Cały film opiera się na paradoksie, że jeżeli cofniemy się w czasie zabijemy swojego dziadka to on nie spłodzi swojego syna czyli naszego taty czyli nasz tata nie spłodzi nas czyli nas nie będzie czyli nie będziemy mogli cofnąć się w czasie żeby zabić dziadka bo nigdy nas nie było..
Dziwne? to mało powiedziane.. na końcu wydawało mi się że ta dziewczyna, i ta druga wersja "męska" i ten gościu z baru to jedna i ta sama osoba i tak chyba właśnie było tyle że oni byli w różnych wcieleniach.. ciężko to pojąć za pierwszym razem.. bo oni się cofali i widzieli własnych siebie, i ten czas tak był dziwnie zrobiony że ich mogło być tam nieskończoność..

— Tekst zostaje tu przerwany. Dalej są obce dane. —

(* There is a finite alphabet $\Sigma$ and a binary existential FO formula $\varphi(x_1,x_2\,;\,y)=\exists\bar z\,\psi(x_1,x_2,y,\bar z)$ (with $\psi$ quantifier-free) with one parameter variable $y$ such that there is no consistent formula learner for $\varphi$ whose running time is sublinear in the length of the string.
   Context: Strings as structures: a string $B=a_1\cdots a_n\in\Sigma^*$ is the structure with universe $U(B)=\{1,\ldots,n\}$, the natural order $<$, and unary relations $R_a$ ($a\in\Sigma$) of $a$-labelled positions (no successor relation). In $\varphi(x_1,x_2;y)$, $x_1,x_2$ are instance variables and $y$ is the parameter variable. For $v\in U(B)$, $[\![\varphi(x_1,x_2;v)]\!]^B(u_1,u_2)=1$ iff $B\models\varphi(u_1,u_2;v)$, else $0$. A training set over $B$ is a finite $T\subseteq U(B)^2\times\{0,1\}$; a parameter tuple is consistent with a formula, $B$, $T$ if the corresponding hypothesis agrees with all labels in $T$; $T$ is $\varphi$-consistent if some $v$ is consistent with $\varphi,B,T$. Local access: the algorithm receives $T$, initially holds only positions occurring in $T$, and may query labels of and retrieve successor/predecessor of positions it holds, each at unit cost. A consistent formula learner for $\varphi$ is a local-access algorithm for which there are numbers $q',\ell'$ such that on every string $B$ and every $\varphi$-consistent $T$ it outputs an MSO formula $\varphi'(x_1,x_2;\bar y')$ of quantifier rank at most $q'$ with $|\bar y'|\le\ell'$ and a tuple $\bar v'$ consistent with $\varphi',B,T$. Sublinear running time: for every fixed bound $t$ on the training set size there is $f_t$ with $f_t(n)/n\to0$ bounding the running time on strings of length $n$ with training sets of size at most $t$. *)

theory Defs
  imports Complex_Main
begin

text \<open>A string is a list w; its universe is {1..length w}, position p carries
  letter w ! (p - 1).\<close>

datatype mso =
    Less nat nat
  | Eq nat nat
  | Lab nat nat
  | Mem nat nat
  | Neg mso
  | Conj mso mso
  | Ex1 nat mso
  | Ex2 nat mso

definition univ :: "nat list \<Rightarrow> nat set" where
  "univ w = {1..length w}"

fun sat :: "nat list \<Rightarrow> (nat \<Rightarrow> nat) \<Rightarrow> (nat \<Rightarrow> nat set) \<Rightarrow> mso \<Rightarrow> bool" where
  "sat w I J (Less x y) = (I x < I y)"
| "sat w I J (Eq x y) = (I x = I y)"
| "sat w I J (Lab a x) = (I x \<in> univ w \<and> w ! (I x - 1) = a)"
| "sat w I J (Mem x X) = (I x \<in> J X)"
| "sat w I J (Neg f) = (\<not> sat w I J f)"
| "sat w I J (Conj f g) = (sat w I J f \<and> sat w I J g)"
| "sat w I J (Ex1 x f) = (\<exists>u\<in>univ w. sat w (I(x := u)) J f)"
| "sat w I J (Ex2 X f) = (\<exists>S. S \<subseteq> univ w \<and> sat w I (J(X := S)) f)"

fun qrank :: "mso \<Rightarrow> nat" where
  "qrank (Neg f) = qrank f"
| "qrank (Conj f g) = max (qrank f) (qrank g)"
| "qrank (Ex1 x f) = Suc (qrank f)"
| "qrank (Ex2 X f) = Suc (qrank f)"
| "qrank _ = 0"

fun fv1 :: "mso \<Rightarrow> nat set" where
  "fv1 (Less x y) = {x, y}"
| "fv1 (Eq x y) = {x, y}"
| "fv1 (Lab a x) = {x}"
| "fv1 (Mem x X) = {x}"
| "fv1 (Neg f) = fv1 f"
| "fv1 (Conj f g) = fv1 f \<union> fv1 g"
| "fv1 (Ex1 x f) = fv1 f - {x}"
| "fv1 (Ex2 X f) = fv1 f"

fun fv2 :: "mso \<Rightarrow> nat set" where
  "fv2 (Mem x X) = {X}"
| "fv2 (Neg f) = fv2 f"
| "fv2 (Conj f g) = fv2 f \<union> fv2 g"
| "fv2 (Ex1 x f) = fv2 f"
| "fv2 (Ex2 X f) = fv2 f - {X}"
| "fv2 _ = {}"

fun qf_fo :: "mso \<Rightarrow> bool" where
  "qf_fo (Less x y) = True"
| "qf_fo (Eq x y) = True"
| "qf_fo (Lab a x) = True"
| "qf_fo (Mem x X) = False"
| "qf_fo (Neg f) = qf_fo f"
| "qf_fo (Conj f g) = (qf_fo f \<and> qf_fo g)"
| "qf_fo (Ex1 x f) = False"
| "qf_fo (Ex2 X f) = False"

text \<open>Variable convention for a formula phi(x1,x2; y1..yl):
  variable 0 is x1, variable 1 is x2, variable (i+2) is the parameter y_(i+1).\<close>
definition has_vars :: "mso \<Rightarrow> nat \<Rightarrow> bool" where
  "has_vars f l \<longleftrightarrow> fv1 f \<subseteq> {..<l + 2} \<and> fv2 f = {}"

definition existential_fo_1param :: "mso \<Rightarrow> bool" where
  "existential_fo_1param f \<longleftrightarrow>
     (\<exists>zs psi. qf_fo psi \<and> f = foldr Ex1 zs psi) \<and> has_vars f 1"

definition assign :: "nat \<Rightarrow> nat \<Rightarrow> nat list \<Rightarrow> nat \<Rightarrow> nat" where
  "assign u1 u2 vs i =
     (if i = 0 then u1 else if i = 1 then u2
      else if i - 2 < length vs then vs ! (i - 2) else 1)"

definition hyp :: "nat list \<Rightarrow> mso \<Rightarrow> nat list \<Rightarrow> nat \<Rightarrow> nat \<Rightarrow> bool" where
  "hyp w f vs u1 u2 = sat w (assign u1 u2 vs) (\<lambda>_. {}) f"

text \<open>Training sets: finite subsets of U(B)^2 x {0,1} (label 1 = True).\<close>
definition training_set :: "nat list \<Rightarrow> (nat \<times> nat \<times> bool) set \<Rightarrow> bool" where
  "training_set w T \<longleftrightarrow> finite T \<and> T \<subseteq> univ w \<times> univ w \<times> UNIV"

definition consistent :: "nat list \<Rightarrow> mso \<Rightarrow> nat list \<Rightarrow> (nat \<times> nat \<times> bool) set \<Rightarrow> bool" where
  "consistent w f vs T \<longleftrightarrow> set vs \<subseteq> univ w \<and> (\<forall>(u1, u2, b) \<in> T. b = hyp w f vs u1 u2)"

definition phi_consistent :: "nat list \<Rightarrow> mso \<Rightarrow> nat \<Rightarrow> (nat \<times> nat \<times> bool) set \<Rightarrow> bool" where
  "phi_consistent w f l T \<longleftrightarrow> (\<exists>vs. length vs = l \<and> consistent w f vs T)"

datatype query = QLabel nat | QSucc nat | QPred nat

datatype answer = ALabel nat | APos "nat option"

datatype action = Ask query | Output mso "nat list"

text \<open>A (deterministic, adaptive) local-access algorithm: given the training set
  and the history of answers so far, it either asks a query or outputs a formula
  together with a parameter tuple.\<close>
type_synonym algorithm = "(nat \<times> nat \<times> bool) set \<Rightarrow> answer list \<Rightarrow> action"

fun qpos :: "query \<Rightarrow> nat" where
  "qpos (QLabel p) = p" | "qpos (QSucc p) = p" | "qpos (QPred p) = p"

fun answer_of :: "nat list \<Rightarrow> query \<Rightarrow> answer" where
  "answer_of w (QLabel p) = ALabel (w ! (p - 1))"
| "answer_of w (QSucc p) = APos (if p < length w then Some (Suc p) else None)"
| "answer_of w (QPred p) = APos (if 1 < p then Some (p - 1) else None)"

definition held :: "(nat \<times> nat \<times> bool) set \<Rightarrow> answer list \<Rightarrow> nat set" where
  "held T h = {u. \<exists>v b. (u, v, b) \<in> T \<or> (v, u, b) \<in> T} \<union> {p. APos (Some p) \<in> set h}"

definition valid_run :: "algorithm \<Rightarrow> nat list \<Rightarrow> (nat \<times> nat \<times> bool) set \<Rightarrow> answer list \<Rightarrow> bool" where
  "valid_run A w T h \<longleftrightarrow>
     (\<forall>i < length h. \<exists>q. A T (take i h) = Ask q \<and> qpos q \<in> held T (take i h)
                         \<and> h ! i = answer_of w q)"

text \<open>A halts on (w,T) after exactly length h unit-cost queries with output (f, vs).\<close>
definition run_outputs :: "algorithm \<Rightarrow> nat list \<Rightarrow> (nat \<times> nat \<times> bool) set \<Rightarrow> answer list \<Rightarrow> mso \<Rightarrow> nat list \<Rightarrow> bool" where
  "run_outputs A w T h f vs \<longleftrightarrow> valid_run A w T h \<and> A T h = Output f vs"

definition consistent_formula_learner :: "nat set \<Rightarrow> mso \<Rightarrow> algorithm \<Rightarrow> bool" where
  "consistent_formula_learner \<Sigma> \<phi> A \<longleftrightarrow>
     (\<exists>q' l'. \<forall>w T. set w \<subseteq> \<Sigma> \<and> training_set w T \<and> phi_consistent w \<phi> 1 T \<longrightarrow>
        (\<exists>h f vs. run_outputs A w T h f vs \<and> qrank f \<le> q' \<and> length vs \<le> l'
                  \<and> has_vars f (length vs) \<and> consistent w f vs T))"

definition sublinear_time :: "nat set \<Rightarrow> mso \<Rightarrow> algorithm \<Rightarrow> bool" where
  "sublinear_time \<Sigma> \<phi> A \<longleftrightarrow>
     (\<forall>t::nat. \<exists>g::nat \<Rightarrow> real. (\<lambda>n. g n / real n) \<longlonglongrightarrow> 0 \<and>
        (\<forall>w T. set w \<subseteq> \<Sigma> \<and> training_set w T \<and> phi_consistent w \<phi> 1 T \<and> card T \<le> t \<longrightarrow>
           (\<exists>h f vs. run_outputs A w T h f vs \<and> real (length h) \<le> g (length w))))"

end

theory Submission
  imports Defs
begin

text \<open>Take \<open>\<phi>(x1, x2; y) = \<exists>z. x1 < z < x2 \<and> R\<^sub>1 z \<and> z \<noteq> y\<close> over the alphabet \<open>{0, 1}\<close>, and
  words whose letters 1 sit exactly at the positions \<open>\<equiv> r (mod D)\<close>. The training set consists of
  \<open>K\<close> groups, each with a positive pair of positions enclosing one letter 1 and a negative pair
  whose interval contains a 1 only if \<open>r\<close> lies in the stripe of residues of that group; the
  parameter must then point to that 1. A learner reading fewer than half of a stripe's width of
  labels only sees zeros for most residues \<open>r\<close>, so it behaves as on the all-zero word and its
  output does not depend on \<open>r\<close>. Choose a group whose neighbourhood avoids the output parameters
  and a residue \<open>r\<close> of its stripe that was never read. Around that group, the positive and the
  negative pair differ only in the lengths of some runs of zeros and of some runs of periods,
  all by multiples of \<open>N!\<close>, where \<open>N\<close> bounds the number of Ehrenfeucht-Fraisse classes of rank \<open>q'\<close>.
  By composition and pumping of Ehrenfeucht-Fraisse equivalence the output formula cannot
  separate the two pairs, contradicting consistency.\<close>

section \<open>Ehrenfeucht-Fraisse equivalence of annotated words\<close>

lemma rel_set_mono_on:
  "rel_set R A B \<Longrightarrow> (\<And>x y. x \<in> A \<Longrightarrow> y \<in> B \<Longrightarrow> R x y \<Longrightarrow> S x y) \<Longrightarrow> rel_set S A B"
  unfolding rel_set_def by blast

lemma rel_set_swap: "rel_set R A B \<Longrightarrow> rel_set (\<lambda>y x. R x y) B A"
  unfolding rel_set_def by blast

lemma rel_set_OO_on: "rel_set R A B \<Longrightarrow> rel_set S B C \<Longrightarrow> rel_set (R OO S) A C"
  unfolding rel_set_def by blast

lemma rel_set_lessThan_add:
  fixes a a' b b' :: nat
  assumes "rel_set R1 {..<a} {..<a'}" "rel_set R2 {..<b} {..<b'}"
    and "\<And>p p'. p < a \<Longrightarrow> p' < a' \<Longrightarrow> R1 p p' \<Longrightarrow> R p p'"
    and "\<And>p p'. R2 p p' \<Longrightarrow> R (a + p) (a' + p')"
  shows "rel_set R {..<a + b} {..<a' + b'}"
proof (rule rel_setI)
  fix p assume "p \<in> {..<a + b}"
  then show "\<exists>p' \<in> {..<a' + b'}. R p p'"
    using assms rel_setD1[OF assms(1), of p] rel_setD1[OF assms(2), of "p - a"]
    by (cases "p < a") (force, metis add_less_cancel_left le_add_diff_inverse lessThan_iff not_less)
next
  fix p' assume "p' \<in> {..<a' + b'}"
  then show "\<exists>p \<in> {..<a + b}. R p p'"
    using assms rel_setD2[OF assms(1), of p'] rel_setD2[OF assms(2), of "p' - a'"]
    by (cases "p' < a'") (force, metis add_less_cancel_left le_add_diff_inverse lessThan_iff not_less)
qed

lemma rel_set_lists_append:
  assumes "rel_set R1 {xs. length xs = a} {xs. length xs = a'}" "rel_set R2 {xs. length xs = b} {xs. length xs = b'}"
    and "\<And>xs xs' ys ys'. length xs = a \<Longrightarrow> length xs' = a' \<Longrightarrow> R1 xs xs' \<Longrightarrow> R2 ys ys' \<Longrightarrow>
      R (xs @ ys) (xs' @ ys')"
  shows "rel_set R {xs. length xs = a + b} {xs. length xs = a' + b'}"
proof (rule rel_setI)
  fix xs :: "'a list" assume "xs \<in> {xs. length xs = a + b}"
  then have l: "length (take a xs) = a" "length (drop a xs) = b" by auto
  then obtain ys ys' where "length ys = a'" "R1 (take a xs) ys" "length ys' = b'" "R2 (drop a xs) ys'"
    using rel_setD1[OF assms(1)] rel_setD1[OF assms(2)] by blast
  with l have "R (take a xs @ drop a xs) (ys @ ys')" by (intro assms(3))
  then show "\<exists>zs \<in> {xs. length xs = a' + b'}. R xs zs" using \<open>length ys = a'\<close> \<open>length ys' = b'\<close> by (intro bexI[of _ "ys @ ys'"]) auto
next
  fix xs :: "'b list" assume "xs \<in> {xs. length xs = a' + b'}"
  then have l: "length (take a' xs) = a'" "length (drop a' xs) = b'" by auto
  then obtain ys ys' where "length ys = a" "R1 ys (take a' xs)" "length ys' = b" "R2 ys' (drop a' xs)"
    using rel_setD2[OF assms(1)] rel_setD2[OF assms(2)] by blast
  with l have "R (ys @ ys') (take a' xs @ drop a' xs)" by (intro assms(3))
  then show "\<exists>zs \<in> {xs. length xs = a + b}. R zs xs" using \<open>length ys = a\<close> \<open>length ys' = b\<close> by (intro bexI[of _ "ys @ ys'"]) auto
qed

text \<open>A position of an annotated word: its letter, the names of the first-order variables
  denoting it, and the names of the set variables containing it.\<close>
type_synonym cell = "nat \<times> nat set \<times> nat set"

abbreviation fo_of :: "cell \<Rightarrow> nat set" where "fo_of c \<equiv> fst (snd c)"
abbreviation so_of :: "cell \<Rightarrow> nat set" where "so_of c \<equiv> snd (snd c)"

definition marked :: "cell list \<Rightarrow> cell list" where
  "marked m = filter (\<lambda>c. fo_of c \<noteq> {}) m"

ale jak dobrze wiemy z (BTTF) wtedy kontinuum czasoprzestrzenne zostało by zakłócone i wszystko by szlak trafił i wszechświat by zniknął.. :D
Nie wiem co tutaj napisałeś, chyba pod wpływem alkoholu ?...
Ten film nie jest o żadnym paradoksie dziadka, jest realizacją najstarszego pytania "Co było pierwsze kura czy jajko?".
Nikt go nie zrozumie za pierwszym razem? Jakoś zrozumiałem o co w nim chodzi i jak się skończy po jakiś 3/4 seansu więc nie rozumiem Twoich słabych aluzji...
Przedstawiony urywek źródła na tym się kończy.